RasterFlow now Supports Detections from Text!

RasterFlow now makes it simple to run promptable geospatial vision models across large aerial and satellite imagery collections, removing the need to build bespoke inference pipelines. With our new SAM 3 support, you can prompt for concepts like “roofs”, “roads”, or “shipping containers” and turn those detections into vector outputs ready for analysis in Wherobots, from city scale to country scale.

RasterFlow visualization tool showing SAM 3 detections.

Here we see SAM 3 localize and capture roofs really well. It also segments roads pretty cleanly, though there is still room for improvement. Results are shown on the inference input, a NAIP 30 centimeter basemap, and include all instance pixels above 50% confidence.

In this post, we put SAM 3 to the test detecting roofs in suburban neighborhoods, shipping containers in crowded loading docks, and tractors across agricultural landscapes. Throughout, we comment on where it succeeds, where it falls short, and how results compare to previous SAM models. Finally, we discuss what’s next for computer vision in Earth observation (EO) and how the community can build on models like SAM to create more promptable, flexible applications that handle the scale and diversity of remote sensing imagery.

How Segment Anything Model 3 Improves on SAM 1 and SAM 2 for Remote Sensing

In 2023, the Segment Anything Model (SAM) set a new paradigm for computer vision. While most models were trained to address one task at a time, SAM demonstrated that a single model could reliably classify, localize, and segment many kinds of objects in complex natural scenes.

SAM panoptic segmentation examples. SAM mask predictions across diverse scenes.

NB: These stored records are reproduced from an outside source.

lemma conj_transl_bounds:
  fixes g :: mat2 and q M :: real
  assumes "det g = 1" and c: "0 < \<bar>g$2$1\<bar>" "\<bar>g$2$1\<bar> \<le> q" "q < 1"
    and a: "\<bar>g$1$1\<bar> \<le> M" and M: "1 + M * q \<le> M"
  defines "g' \<equiv> g ** transl 1 ** adj g"
  shows "0 < \<bar>g'$2$1\<bar>" "\<bar>g'$2$1\<bar> < \<bar>g$2$1\<bar>" "\<bar>g'$1$1\<bar> \<le> M" "\<bar>g'$1$2\<bar> \<le> M\<^sup>2" "\<bar>g'$2$2\<bar> \<le> M"
proof -
  note e = conj_transl_nth[OF \<open>det g = 1\<close>, folded g'_def]
  have "(g$2$1)\<^sup>2 = \<bar>g$2$1\<bar> * \<bar>g$2$1\<bar>" by (simp add: power2_eq_square abs_mult_self_eq)
  also have "\<dots> < \<bar>g$2$1\<bar> * 1" using c by (intro mult_strict_left_mono) auto
  finally show "\<bar>g'$2$1\<bar> < \<bar>g$2$1\<bar>" using e(3) by simp
  show "0 < \<bar>g'$2$1\<bar>" using e(3) c by simp
  have "\<bar>g$1$1 * g$2$1\<bar> \<le> M * q" unfolding abs_mult using a c by (intro mult_mono) auto
  then show "\<bar>g'$1$1\<bar> \<le> M" "\<bar>g'$2$2\<bar> \<le> M" using e(1,4) M by (simp_all add: abs_le_iff)
  show "\<bar>g'$1$2\<bar> \<le> M\<^sup>2" using e(2) power_mono[OF a abs_ge_zero, of 2] by simp
qed

section \<open>Discrete subgroups of \<open>SL(2,\<real>)\<close>\<close>

locale discrete_SL2 =
  fixes \<Gamma> :: "mat2 set"
  assumes det_eq_1: "g \<in> \<Gamma> \<Longrightarrow> det g = 1"
    and one_in: "mat 1 \<in> \<Gamma>"
    and mult_in: "g \<in> \<Gamma> \<Longrightarrow> h \<in> \<Gamma> \<Longrightarrow> g ** h \<in> \<Gamma>"
    and adj_in: "g \<in> \<Gamma> \<Longrightarrow> adj g \<in> \<Gamma>"
    and finite_inter_cball: "finite (\<Gamma> \<inter> cball 0 R)"
begin

lemma transl_in:
  assumes "transl 1 \<in> \<Gamma>"
  shows "transl k \<in> \<Gamma>"
proof (induct k rule: int_induct[where k = 0])
  case base
  have "transl 0 = mat 1" by (simp add: mat2_eq_iff)
  then show ?case using one_in by simp
next
  case (step1 i)
  then show ?case using mult_in[OF assms step1(2)] transl_mult[of 1 i] by (simp add: add.commute)
next
  case (step2 i)
  have "adj (transl 1) = transl (-1)" by (simp add: mat2_eq_iff)
  then show ?case using mult_in[OF adj_in[OF assms] step2(2)] transl_mult[of "-1" i] by simp
qed

text \<open>Conjugating \<open>z \<mapsto> z + 1\<close> by \<open>h\<close> maps the lower-left entry \<open>c\<close> to \<open>-c\<^sup>2\<close>; if \<open>0 < \<bar>c\<bar> < 1\<close>
  the iterates are pairwise distinct but bounded, contradicting discreteness.\<close>

theorem shimizu:
  assumes "transl 1 \<in> \<Gamma>" and h: "h \<in> \<Gamma>" "h$2$1 \<noteq> 0"
  shows "1 \<le> \<bar>h$2$1\<bar>"
proof (rule ccontr)
  assume "\<not> 1 \<le> \<bar>h$2$1\<bar>"
  define q where "q = \<bar>h$2$1\<bar>"
  have q: "0 < q" "q < 1" using h \<open>\<not> 1 \<le> \<bar>h$2$1\<bar>\<close> unfolding q_def by auto
  define M where "M = max \<bar>h$1$1\<bar> (1 / (1 - q))"
  have "1 / (1 - q) \<le> M" by (simp add: M_def)
  then have "1 \<le> M * (1 - q)" using q by (simp add: field_simps)
  then have M: "1 + M * q \<le> M" by (simp add: algebra_simps)
  define H where "H = rec_nat h (\<lambda>_ g. g ** transl 1 ** adj g)"
  have H_0: "H 0 = h" and H_Suc: "H (Suc k) = H k ** transl 1 ** adj (H k)" for k
    by (simp_all add: H_def)
  have H_in: "H k \<in> \<Gamma>" for k
    by (induct k) (simp_all add: H_0 H_Suc h mult_in adj_in transl_in[OF assms(1)])
  have step: "0 < \<bar>H (Suc k)$2$1\<bar> \<and> \<bar>H (Suc k)$2$1\<bar> < \<bar>H k$2$1\<bar> \<and> \<bar>H (Suc k)$1$1\<bar> \<le> M
      \<and> \<bar>H (Suc k)$1$2\<bar> \<le> M\<^sup>2 \<and> \<bar>H (Suc k)$2$2\<bar> \<le> M"
    if "0 < \<bar>H k$2$1\<bar>" "\<bar>H k$2$1\<bar> \<le> q" "\<bar>H k$1$1\<bar> \<le> M" for k
    using conj_transl_bounds[OF det_eq_1[OF H_in] that(1,2) q(2) that(3) M] by (simp add: H_Suc)
  have inv: "0 < \<bar>H k$2$1\<bar> \<and> \<bar>H k$2$1\<bar> \<le> q \<and> \<bar>H k$1$1\<bar> \<le> M" for k
  proof (induct k)
    case 0
    then show ?case using h by (simp add: H_0 q_def M_def)
  next
    case (Suc k)
    then show ?case using step[of k] by auto
  qed
  have "strict_mono (\<lambda>k. - \<bar>H k$2$1\<bar>)"
    by (rule strict_monoI_Suc) (use step inv in simp)
  then have "inj H" by (intro injI) (metis strict_mono_eq)
  then have "infinite (range H)" by (rule range_inj_infinite)
  moreover
  define R where "R = max (norm h) (M + M\<^sup>2 + q + M)"
  have "norm (H k) \<le> R" for k
  proof (cases k)
    case (Suc l)
    then have "norm (H k) \<le> M + M\<^sup>2 + q + M"
      using norm_mat2_le[of "H (Suc l)"] step[of l] inv[of l] inv[of "Suc l"] by simp
    then show ?thesis unfolding R_def by linarith
  qed (simp add: H_0 R_def)
  then have "range H \<subseteq> \<Gamma> \<inter> cball 0 R" using H_in by (auto simp: dist_norm)
  ultimately show False using finite_inter_cball finite_subset by blast
qed

text \<open>\<open>a/c = g(\<infinity>)\<close>, reduced modulo the translation \<open>z \<mapsto> z + 1\<close>.\<close>

definition cusp_phase :: "mat2 \<Rightarrow> real" where
  "cusp_phase g = frac (g$1$1 / g$2$1)"

lemma adj_transl_mult_lower_left:
  fixes g g' :: mat2
  assumes "g$2$1 \<noteq> 0" "g'$2$1 \<noteq> 0"
  shows "(adj g' ** transl (-j) ** g)$2$1
    = - (g$2$1 * g'$2$1) * (g$1$1 / g$2$1 - g'$1$1 / g'$2$1 - of_int j)"
  using assms by (simp add: field_simps)

lemma cusp_phase_difference:
  assumes "transl 1 \<in> \<Gamma>" and g: "g \<in> \<Gamma>" "g$2$1 \<noteq> 0" and g': "g' \<in> \<Gamma>" "g'$2$1 \<noteq> 0"
  obtains j h where "h \<in> \<Gamma>" "g = transl j ** g' ** h"
    "h$2$1 = - (g$2$1 * g'$2$1) * (cusp_phase g - cusp_phase g')"
proof
  define j where "j = \<lfloor>g$1$1 / g$2$1\<rfloor> - \<lfloor>g'$1$1 / g'$2$1\<rfloor>"
  define h where "h = adj g' ** transl (-j) ** g"
  show "h \<in> \<Gamma>" unfolding h_def using g g' by (intro mult_in adj_in transl_in[OF assms(1)])
  have "transl j ** g' ** h = transl j ** ((g' ** adj g') ** transl (-j) ** g)"
    unfolding h_def by (simp add: matrix_mul_assoc)
  also have "\<dots> = (transl j ** transl (-j)) ** g"
    using mult_adj_right[OF det_eq_1[OF g'(1)]] by (simp add: matrix_mul_assoc)
  also have "\<dots> = g" by (simp add: transl_mult mat2_eq_iff)
  finally show "g = transl j ** g' ** h" by simp
  show "h$2$1 = - (g$2$1 * g'$2$1) * (cusp_phase g - cusp_phase g')"
    unfolding h_def adj_transl_mult_lower_left[OF g(2) g'(2)]
    by (simp add: cusp_phase_def frac_def j_def)
qed

lemma cusp_phase_separated:
  assumes "transl 1 \<in> \<Gamma>" and "g \<in> \<Gamma>" "g$2$1 \<noteq> 0" and "g' \<in> \<Gamma>" "g'$2$1 \<noteq> 0"
    and "cusp_phase g \<noteq> cusp_phase g'"
  shows "1 \<le> \<bar>g$2$1 * g'$2$1\<bar> * \<bar>cusp_phase g - cusp_phase g'\<bar>"
proof -
  obtain j h where h: "h \<in> \<Gamma>" "h$2$1 = - (g$2$1 * g'$2$1) * (cusp_phase g - cusp_phase g')"
    using cusp_phase_difference[OF assms(1-5)] .
  then have "h$2$1 \<noteq> 0" using assms(3,5,6) by simp
  then show ?thesis using shimizu[OF assms(1) h(1)] h(2) by (simp add: abs_mult)
qed

end

locale cusp_group = discrete_SL2 +
  assumes transl_1_in: "transl 1 \<in> \<Gamma>"
    and stabiliser_infinity: "g \<in> \<Gamma> \<Longrightarrow> g$2$1 = 0 \<Longrightarrow> \<exists>k. g = transl k \<or> g = - transl k"

lemma cusp_group_if_fuchsian:
  assumes "fuchsian_finite_area_surface_group \<Gamma>" and "cusp_at_infinity \<Gamma>"
  shows "cusp_group \<Gamma>"
proof
  note F = assms(1)[unfolded fuchsian_finite_area_surface_group_def]
  show "det g = 1" "g ** h \<in> \<Gamma>" if "g \<in> \<Gamma>" "h \<in> \<Gamma>" for g h using F that by blast+
  show "mat 1 \<in> \<Gamma>" "finite (\<Gamma> \<inter> cball 0 R)" for R using F by blast+
  show "adj g \<in> \<Gamma>" if g: "g \<in> \<Gamma>" for g
  proof -
    obtain h where h: "h \<in> \<Gamma>" "g ** h = mat 1" using F g by blast
    have "adj g = adj g ** (g ** h)" using h by simp
    also have "\<dots> = (adj g ** g) ** h" by (simp add: matrix_mul_assoc)
    finally have "adj g = (adj g ** g) ** h" .
    then show ?thesis using mult_adj_left[of g] F g h by auto
  qed
  show "transl 1 \<in> \<Gamma>" "\<And>g. g \<in> \<Gamma> \<Longrightarrow> g$2$1 = 0 \<Longrightarrow> \<exists>k. g = transl k \<or> g = - transl k"
    using assms(2) unfolding cusp_at_infinity_def by blast+
qed

context cusp_group
begin

lemma cusp_phase_eq_imp_translates:
  assumes g: "g \<in> \<Gamma>" "g$2$1 \<noteq> 0" and g': "g' \<in> \<Gamma>" "g'$2$1 \<noteq> 0"
    and "cusp_phase g = cusp_phase g'" and "sgn (g$2$1) = sgn (g'$2$1)"
  obtains j k where "g = transl j ** g' ** transl k"
proof -
  obtain j h where h: "h \<in> \<Gamma>" "g = transl j ** g' ** h"
      and "h$2$1 = - (g$2$1 * g'$2$1) * (cusp_phase g - cusp_phase g')"
    by (rule cusp_phase_difference[OF transl_1_in g g'])
  then have "h$2$1 = 0" using assms(5) by simp
  obtain k where "h = transl k \<or> h = - transl k" using stabiliser_infinity[OF h(1) \<open>h$2$1 = 0\<close>] by blast
  moreover have "h \<noteq> - transl k"
  proof
    assume "h = - transl k"
    then have "g$2$1 = - g'$2$1" using h(2) by simp
    then show False using assms(6) g(2) by (simp add: sgn_if split: if_splits)
  qed
  ultimately show ?thesis using that h(2) by blast
qed

end

section \<open>Geometry of an excursion\<close>

lemma tr2_le_exp_transl_length:
  assumes "2 < tr2 g" and "transl_length g \<le> T"
  shows "tr2 g \<le> 2 * exp (T / 2)"
proof -
  define t where "t = tr2 g / 2"
  have "1 \<le> t" "arcosh t \<le> T / 2" using assms by (simp_all add: t_def transl_length_def)
  moreover have "0 \<le> arcosh t" using \<open>1 \<le> t\<close> by simp
  ultimately have T: "0 \<le> T / 2" by linarith
  have "cosh (arcosh t) \<le> cosh (T / 2)"
    using \<open>0 \<le> arcosh t\<close> \<open>arcosh t \<le> T / 2\<close> T by (subst cosh_real_nonneg_le_iff) auto
  also have "\<dots> \<le> exp (T / 2)" using cosh_plus_sinh[of "T / 2"] sinh_real_nonneg_iff[of "T / 2"] T by linarith
  finally show ?thesis using \<open>1 \<le> t\<close> by (simp add: t_def)
qed

text \<open>The chord of the axis at height \<open>1\<close> has half-width \<open>\<surd>(r\<^sup>2 - 1)\<close>, where
  \<open>r\<^sup>2 = (tr\<^sup>2 - 4)/(4c\<^sup>2)\<close> is the squared radius of the axis.\<close>

lemma tr2_sq_chord_width:
  fixes g :: mat2
  assumes t: "2 < tr2 g" and c: "g$2$1 \<noteq> 0"
    and z: "z1 \<in> excursion_endpoints g" "z2 \<in> excursion_endpoints g" "z1 \<noteq> z2"
  shows "(tr2 g)\<^sup>2 = (g$2$1)\<^sup>2 * ((Re z1 - Re z2)\<^sup>2 + 4) + 4"
proof -
  let ?c = "g$2$1" and ?t = "tr2 g" and ?x = "axis_centre g" and ?r = "axis_radius g"
  have "0 \<le> ?t\<^sup>2 - 4" using mult_mono[of 2 ?t 2 ?t] t by (simp add: power2_eq_square)
  then have r2: "4 * ?c\<^sup>2 * ?r\<^sup>2 = ?t\<^sup>2 - 4"
    using c by (simp add: axis_radius_def power_divide power_mult_distrib)
  have on_chord: "(Re z - ?x)\<^sup>2 + 1 = ?r\<^sup>2" "Im z = 1" if "z \<in> excursion_endpoints g" for z
  proof -
    have "cmod (z - of_real ?x) = ?r" "Im z = 1"
      using that by (simp_all add: excursion_endpoints_def axis_def)
    then show "(Re z - ?x)\<^sup>2 + 1 = ?r\<^sup>2" "Im z = 1" using cmod_power2[of "z - of_real ?x"] by simp_all
  qed
  have "Re z1 \<noteq> Re z2" using z on_chord(2) complex_eqI by metis
  moreover have "(Re z2 - ?x)\<^sup>2 = (Re z1 - ?x)\<^sup>2" using on_chord(1)[OF z(1)] on_chord(1)[OF z(2)] by simp
  ultimately have "Re z2 - ?x = - (Re z1 - ?x)" by (auto simp: power2_eq_iff)
  then have d: "Re z1 - Re z2 = 2 * (Re z1 - ?x)" by simp
  have "(Re z1 - Re z2)\<^sup>2 = 4 * (Re z1 - ?x)\<^sup>2" unfolding d by (simp add: power2_eq_square algebra_simps)
  then have "(Re z1 - Re z2)\<^sup>2 = 4 * (?r\<^sup>2 - 1)" using on_chord(1)[OF z(1)] by simp
  then show ?thesis using r2 by (simp add: algebra_simps)
qed

lemma n_excursion_lift_trace_bounds:
  fixes g :: mat2
  assumes "n_excursion_lift n g" and t: "2 < tr2 g" and c: "1 \<le> \<bar>g$2$1\<bar>"
  shows "real n * \<bar>g$2$1\<bar> \<le> tr2 g" "tr2 g \<le> (real n + 4) * \<bar>g$2$1\<bar>"
proof -
  let ?c = "g$2$1" and ?t = "tr2 g"
  obtain z1 z2 where z: "excursion_endpoints g = {z1, z2}" "z1 \<noteq> z2"
      and W: "real n \<le> \<bar>Re z1 - Re z2\<bar>" "\<bar>Re z1 - Re z2\<bar> < real n + 1"
    using assms(1) unfolding n_excursion_lift_def by blast
  have tt: "?t\<^sup>2 = ?c\<^sup>2 * ((Re z1 - Re z2)\<^sup>2 + 4) + 4"
    using tr2_sq_chord_width[OF t _ _ _ z(2)] c z(1) by auto
  have c2: "1 \<le> ?c\<^sup>2" using power_mono[OF c, of 2] by simp
  have "(real n * \<bar>?c\<bar>)\<^sup>2 = ?c\<^sup>2 * (real n)\<^sup>2" by (simp add: power_mult_distrib)
  also have "\<dots> \<le> ?c\<^sup>2 * ((Re z1 - Re z2)\<^sup>2 + 4)"
    using power_mono[OF W(1), of 2] by (intro mult_left_mono) auto
  also have "\<dots> \<le> ?t\<^sup>2" using tt by simp
  finally show "real n * \<bar>?c\<bar> \<le> ?t" by (rule power2_le_imp_le) (use t in simp)
  have "(Re z1 - Re z2)\<^sup>2 \<le> (real n + 1)\<^sup>2" using power_mono[OF less_imp_le[OF W(2)], of 2] by simp
  then have "?c\<^sup>2 * ((Re z1 - Re z2)\<^sup>2 + 4) \<le> ?c\<^sup>2 * ((real n + 1)\<^sup>2 + 4)"
    by (intro mult_left_mono) auto
  then have "?t\<^sup>2 \<le> ?c\<^sup>2 * ((real n + 1)\<^sup>2 + 4) + 4 * ?c\<^sup>2" using tt c2 by linarith
  also have "\<dots> = ?c\<^sup>2 * ((real n + 1)\<^sup>2 + 8)" by (simp add: algebra_simps)
  also have "\<dots> \<le> ?c\<^sup>2 * (real n + 4)\<^sup>2"
    by (intro mult_left_mono) (simp_all add: power2_eq_square algebra_simps)
  also have "\<dots> = ((real n + 4) * \<bar>?c\<bar>)\<^sup>2" by (simp add: power_mult_distrib)
  finally show "?t \<le> (real n + 4) * \<bar>?c\<bar>" by (rule power2_le_imp_le) simp
qed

SAM set a new standard task for computer vision models that went beyond classification or semantic segmentation: Promptable Visual Segmentation (PVS), which takes spatial prompts such as boxes, points, or masks as input and predicts masks.

However, SAM 1’s performance on out-of-distribution imagery domains had issues. Back in 2023, while I was working on detection projects with 10 meter resolution imagery, I found it often took multiple rounds of prompting to get useful segments, and many results still needed manual cleanup.

For example, in a rural town, SAM 1 can segment many features across different spatial scales, but it still misses all roads.

SAM 1 segmenting features in rural Dikwa, Nigeria.
SAM 1 segments many features across different spatial scales in Dikwa, Nigeria, but still misses roads.

SAM 2 improved accuracy and added video support, but both SAM 1 and SAM 2 were limited to making predictions without associated labels. The masks they produced were not grounded in categories useful for deriving insights.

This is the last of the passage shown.